- _THE PROBLEM_: Take every line from the data that has the word "then" in it.

┌─ GIVEN ENTRIES

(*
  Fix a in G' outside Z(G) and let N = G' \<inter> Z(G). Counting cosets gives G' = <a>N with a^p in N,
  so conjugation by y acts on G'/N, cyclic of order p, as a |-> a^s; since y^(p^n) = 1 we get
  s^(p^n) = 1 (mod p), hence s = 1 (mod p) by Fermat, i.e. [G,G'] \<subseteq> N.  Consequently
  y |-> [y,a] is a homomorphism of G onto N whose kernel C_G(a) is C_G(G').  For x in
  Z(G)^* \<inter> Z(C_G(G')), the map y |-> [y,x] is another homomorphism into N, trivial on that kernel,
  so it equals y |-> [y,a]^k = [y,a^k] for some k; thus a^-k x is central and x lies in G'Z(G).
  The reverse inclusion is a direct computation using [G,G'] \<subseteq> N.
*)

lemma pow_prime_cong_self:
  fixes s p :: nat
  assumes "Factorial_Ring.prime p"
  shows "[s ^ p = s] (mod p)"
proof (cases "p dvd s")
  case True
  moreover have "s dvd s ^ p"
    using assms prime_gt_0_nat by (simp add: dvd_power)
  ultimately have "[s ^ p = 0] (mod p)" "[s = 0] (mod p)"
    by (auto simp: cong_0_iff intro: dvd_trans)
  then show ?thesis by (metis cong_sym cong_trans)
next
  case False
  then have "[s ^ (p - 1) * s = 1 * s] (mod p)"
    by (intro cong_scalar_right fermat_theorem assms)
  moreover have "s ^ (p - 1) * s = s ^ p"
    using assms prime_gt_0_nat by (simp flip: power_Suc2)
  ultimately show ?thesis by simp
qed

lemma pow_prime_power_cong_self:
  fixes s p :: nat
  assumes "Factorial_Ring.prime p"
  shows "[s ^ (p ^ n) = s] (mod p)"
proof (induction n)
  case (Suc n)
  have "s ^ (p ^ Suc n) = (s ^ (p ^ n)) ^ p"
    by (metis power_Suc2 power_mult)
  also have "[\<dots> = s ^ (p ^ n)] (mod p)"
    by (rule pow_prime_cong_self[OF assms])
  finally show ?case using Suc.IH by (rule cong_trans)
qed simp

└─

- _TASK ANSWER_:
  then show ?thesis by (metis cong_sym cong_trans)
  then have "[s ^ (p - 1) * s = 1 * s] (mod p)"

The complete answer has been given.